Flickr, which is Yahoo's photo-sharing site, went down for two hours of maintenance today, and didn't come back until five hours later. Although the outage was serious, and the site stayed down for hours beyond the original estimates, the problem was handled responsibly and well.
Here's why I respect the way Flickr handled this situation:
- The problem was defined honestly and clearly. There was no beating around the bush, no hiding, no pretending, just a straightforward presentation of facts.
- Status reports were honest. The screwed up their estimates, but informed customers as to the real state of affairs. I don't know about you, but I like to know what's going on. Honest information makes the downtime a bit more palatable.
- They acknowledged the problem was more serious than anticipated. When a system goes down, and particularly when it stays down, users already know there's a problem. Open discussion of the issue builds trust with users, who are the people that matter most. Users may not be happy with the information, but you'll retain that all-important credibility.
- There was only one false start. After the 4:13pm announcement, where they first acknowledged their incorrect time estimates, there were no further communication errors. Yes, everyone knows "time estimates are tricky," to use their words, but many users will overlook the occasional estimating error for that reason. No one likes repeated wrong estimates, and Flickr got it right by ensuring there were no follow-on time estimate mistakes.

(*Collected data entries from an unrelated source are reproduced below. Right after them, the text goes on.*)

lemma fg_odd_step:
  assumes "fg (2 * m) = (F (Suc m), Z * F m)"
  shows "fg (Suc (2 * m)) = (F (Suc m), Z * (Z * F m))"
proof -
  have "Delta (F (Suc m)) (Rinv (2 * m + 2)) = 0"
    using Delta_F_Rinv[of "Suc m" "2 * Suc m"] P_times_pow2_fps_nth(1)[of "Suc m"] by simp
  then show ?thesis
    using assms by (simp add: Let_def)
qed

lemma fg_even_step:
  assumes "fg (Suc (2 * m)) = (F (Suc m), Z * (Z * F m))"
  shows "fg (2 * Suc m) = (F (Suc (Suc m)), Z * F (Suc m))"
proof -
  have "Delta (F (Suc m)) (Rinv (Suc (2 * m) + 2)) = 1"
    using Delta_F_Rinv[of "Suc m" "2 * Suc m + 1"] P_times_pow2_fps_nth(2)[of "Suc m"] by simp
  moreover have "tdeg (Z * (Z * F m)) - tdeg (F (Suc m)) = 1"
    by (simp add: tdeg_ZZ_F tdeg_F)
  ultimately have "fg (Suc (Suc (2 * m))) = (X * F (Suc m) + Z * (Z * F m), Z * F (Suc m))"
    using assms by (simp only: fg.simps Let_def case_prod_conv) simp
  then show ?thesis
    by (simp add: mult.assoc)
qed

lemma fg_eq_F:
  "fg (2 * m) = (F (Suc m), Z * F m) \<and> fg (Suc (2 * m)) = (F (Suc m), Z * (Z * F m))"
proof (induction m)
  case 0
  then show ?case
    using fg_odd_step[of 0] by simp
next
  case (Suc m)
  then show ?case
    using fg_even_step fg_odd_step by blast
qed

abbreviation U :: "nat \<Rightarrow> lpoly" where
  "U \<equiv> linrec X (Z * Z) 0 1"

lemma F_eq_U: "F n = U (Suc n) + Z * U n"
proof -
  have "U (Suc n) = linrec X (Z * Z) 1 X n"
    by (simp add: linrec_Suc)
  moreover have "Z * U n = linrec X (Z * Z) 0 Z n"
    using linrec_mult_right[of X "Z * Z" 0 Z 1 n] by (simp add: mult.commute)
  ultimately show ?thesis
    using linrec_add[of X "Z * Z" 1 0 X Z n] by simp
qed

lemma U_double:
  "U (2 * n) = X * (U n)^2 \<and> U (Suc (2 * n)) = (U (Suc n))^2 + Z * Z * (U n)^2"
proof (induction n)
  case (Suc n)
  define a b where "a = U (Suc n)" and "b = U n"
  have even: "U (2 * Suc n) = X * a^2"
  proof -
    have "U (2 * Suc n) = X * (a^2 + Z * Z * b^2) + Z * Z * (X * b^2)"
      using Suc by (simp add: a_def b_def)
    also have "\<dots> = X * a^2"
      by (simp add: algebra_simps poly_mapping_bit_two)
    finally show ?thesis .
  qed
  have "U (Suc (2 * Suc n)) = X * (X * a^2) + Z * Z * (a^2 + Z * Z * b^2)"
    using Suc even by (simp add: a_def b_def)
  also have "\<dots> = (X * a + Z * Z * b)^2 + Z * Z * a^2"
    by (simp add: algebra_simps power2_eq_square poly_mapping_bit_two)
  also have "X * a + Z * Z * b = U (Suc (Suc n))"
    by (simp add: a_def b_def)
  finally show ?case
    using even by (simp add: a_def)
qed simp

lemma U_power2: "U (2 ^ k) = X ^ (2 ^ k - 1)"
proof (induction k)
  case (Suc k)
  have "U (2 ^ Suc k) = X * (X ^ (2 ^ k - 1))^2"
    using U_double[of "2 ^ k"] Suc by simp
  also have "\<dots> = X ^ (1 + (2 ^ k - 1) * 2)"
    by (simp add: power_mult power_add)
  also have "1 + (2 ^ k - 1) * 2 = (2::nat) ^ Suc k - 1"
    using one_le_power[of "2::nat" k] by (simp add: diff_mult_distrib; linarith)
  finally show ?case .
qed simp

lemma U_power2_Suc:
  "U (Suc (2 ^ k)) = mon (2 ^ k) 0 + (\<Sum>j\<in>{1..k}. mon (2 ^ k - 2 ^ j) (2 ^ j))"
proof (induction k)
  case (Suc k)
  have "U (Suc (2 ^ Suc k)) = (U (Suc (2 ^ k)))^2 + Z * Z * (X ^ (2 ^ k - 1))^2"
    using U_double[of "2 ^ k"] U_power2[of k] by simp
  also have "(U (Suc (2 ^ k)))^2 =
      mon (2 ^ Suc k) 0 + (\<Sum>j\<in>{1..k}. mon (2 ^ Suc k - 2 ^ Suc j) (2 ^ Suc j))"
    unfolding Suc power2_add_char2[OF poly_mapping_bit_add_self]
      power2_sum_char2[OF poly_mapping_bit_add_self] mon_power2
    by (simp add: algebra_simps)
  also have "Z * Z * (X ^ (2 ^ k - 1))^2 = mon (2 ^ Suc k - 2 ^ 1) (2 ^ 1)"
    using one_le_power[of "2::nat" k] by (simp add: X_power mon_power2 ZZ_eq_mon mon_mult)
  finally have "U (Suc (2 ^ Suc k)) = mon (2 ^ Suc k) 0 +
      (\<Sum>j\<in>{1..k}. mon (2 ^ Suc k - 2 ^ Suc j) (2 ^ Suc j)) + mon (2 ^ Suc k - 2 ^ 1) (2 ^ 1)" .
  moreover have "(\<Sum>j\<in>{1..Suc k}. m j) = m 1 + (\<Sum>j\<in>{1..k}. m (Suc j))" for m :: "nat \<Rightarrow> lpoly"
    using sum.atLeast_Suc_atMost[of 1 "Suc k" m] sum.shift_bounds_cl_Suc_ivl[of m 1 k] by simp
  ultimately show ?case
    by (simp only: ac_simps)
qed simp

theorem mainTheorem13:
  fixes k :: nat
  defines "l \<equiv> (2::nat) ^ k"
  shows "fst (fg (2 * l - 1)) =
           mon (int l) 0 + (\<Sum>j\<in>{0..k}. mon (int (l - 2 ^ j)) (int (2 ^ j)))"
proof -
  have "l \<ge> 1"
    by (simp add: l_def)
  then have l: "2 * l - 1 = Suc (2 * (l - 1))" "Suc (l - 1) = l"
    by simp_all
  have "fst (fg (2 * l - 1)) = F l"
    unfolding l(1) conjunct2[OF fg_eq_F] fst_conv l(2) ..
  also have "\<dots> = U (Suc l) + Z * U l"
    by (rule F_eq_U)
  also have "Z * U l = mon (int l - 1) 1"
    using \<open>l \<ge> 1\<close> unfolding l_def U_power2 by (simp add: X_power mon_mult)
  also have "U (Suc l) = mon (int l) 0 + (\<Sum>j\<in>{1..k}. mon (2 ^ k - 2 ^ j) (2 ^ j))"
    unfolding l_def U_power2_Suc by simp
  also have "\<dots> + mon (int l - 1) 1 =
      mon (int l) 0 + (mon (int l - 1) 1 + (\<Sum>j\<in>{1..k}. mon (2 ^ k - 2 ^ j) (2 ^ j)))"
    by (simp only: ac_simps)
  also have "mon (int l - 1) 1 + (\<Sum>j\<in>{1..k}. mon (2 ^ k - 2 ^ j) (2 ^ j)) =
      (\<Sum>j\<in>{0..k}. mon (int (l - 2 ^ j)) (int (2 ^ j)))"
    by (simp add: sum.atLeast_Suc_atMost l_def power_increasing sum.shift_bounds_cl_Suc_ivl)
  finally show ?thesis .
qed

end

- Finally, repeating the first point, they were honest: Flickr acknowledged the problem, communicated clearly, and then fixed it. Done deal.
When an IT project is failing, it's often tempting to sweep the tough facts under the rug. This strategy almost always backfires, as the problem continues to grow and worsen. While I don't advocate baring one's IT soul indiscriminately, honesty is virtually always the very best policy.

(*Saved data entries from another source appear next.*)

lemma prefix_in_eq_if_delta_eq:
  assumes "suffix_code X" "suffix_code Y" "factorial F"
    and delta_eq: "\<forall>w\<in>F. delta X w = delta Y w" and "a # u \<in> F"
  shows "a # u \<in> prefix_in X \<longleftrightarrow> a # u \<in> prefix_in Y"
proof -
  have "u \<in> F" using factorial_factor[OF \<open>factorial F\<close>, of "[a]" u "[]"] \<open>a # u \<in> F\<close> by simp
  then show ?thesis
    using delta_eq \<open>a # u \<in> F\<close> delta_Cons[OF assms(1), of a u] delta_Cons[OF assms(2), of a u]
    by (auto split: if_splits)
qed

text \<open>Two prefix codes X and Y coincide as soon as each word of X \<union> Y lies in XA*
  iff it lies in YA*: a word of X then starts with a word of Y, which starts with a
  word of X, and the prefix property forces all three to be equal.\<close>
lemma prefix_code_eqI:
  assumes "prefix_code X" "prefix_code Y"
    and same: "\<forall>w \<in> X \<union> Y. w \<in> prefix_in X \<longleftrightarrow> w \<in> prefix_in Y"
  shows "X = Y"
proof -
  have self: "x \<in> prefix_in Z" if "x \<in> Z" for x and Z :: "'a list set"
    using that unfolding prefix_in_def by force
  have sub: "A \<subseteq> B" if code: "prefix_code A" and same_AB: "\<forall>w \<in> A \<union> B. w \<in> prefix_in A \<longleftrightarrow> w \<in> prefix_in B"
    for A B :: "'a list set"
  proof
    fix x assume "x \<in> A"
    then have "x \<in> prefix_in B" using same_AB self by blast
    then obtain y s where ys: "x = y @ s" "y \<in> B" unfolding prefix_in_def by blast
    then have "y \<in> prefix_in A" using same_AB self by blast
    then obtain x' s' where x's': "y = x' @ s'" "x' \<in> A" unfolding prefix_in_def by blast
    then have "x = x' @ (s' @ s)" using ys(1) by simp
    then have "s' @ s = []" using code \<open>x \<in> A\<close> \<open>x' \<in> A\<close> unfolding prefix_code_def by blast
    then show "x \<in> B" using ys by simp
  qed
  show ?thesis using sub[OF assms(1)] sub[OF assms(2)] same by blast
qed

Here's a complete copy of the Flickr blog announcement of the issue (emphasis added below):
UPDATE 4 7:34pm PST: And we’re back. Flickr is open again and ready to receive your photos. Get uploading!
UPDATE 3 7:08pm PST: Do you remember when we said we were almost back online? Well, that time we were joking, but this time is for real!
The latest estimate from our beautiful Ops team is 7:30pm PST.
UPDATE 2 6:07pm PST: We’re almost back folks. Just crossing the t’s and dotting the i’s before we throw the big switch. In the meantime, why not get outside and take some photos?
UPDATE 1 4:13pm PST: Anyone who’s ever worked in software probably knows that time estimates are tricky. Given that we’d prefer that Flickr be as close to 100% stable as we can make it before we go back online, we’re going to take more time to make sure that’s what happens.
It’s better to be safe than sorry when it comes to your precious photos, plus, there’s the added benefit of giving us all a chance to reflect on our serious Flickr addictions. Thank you again for your patience.
2:30pm PST: We started on a database upgrade and a few alters to the database structure last night. Given our scale, work like this takes a long time, and makes a definite impact on site performance.
You may have noticed today that the site is having lots of hiccups and that behaviour is generally pretty erratic. So, we’ve decided to take the site offline help things settle down. We’re anticipating a couple of hours is all we need at this point, so, we’re hoping to be back online around 4:30 PST.
Sorry about this! It will be one of those massages that ‘hurts so good’ and we’ll post updates here as we have them.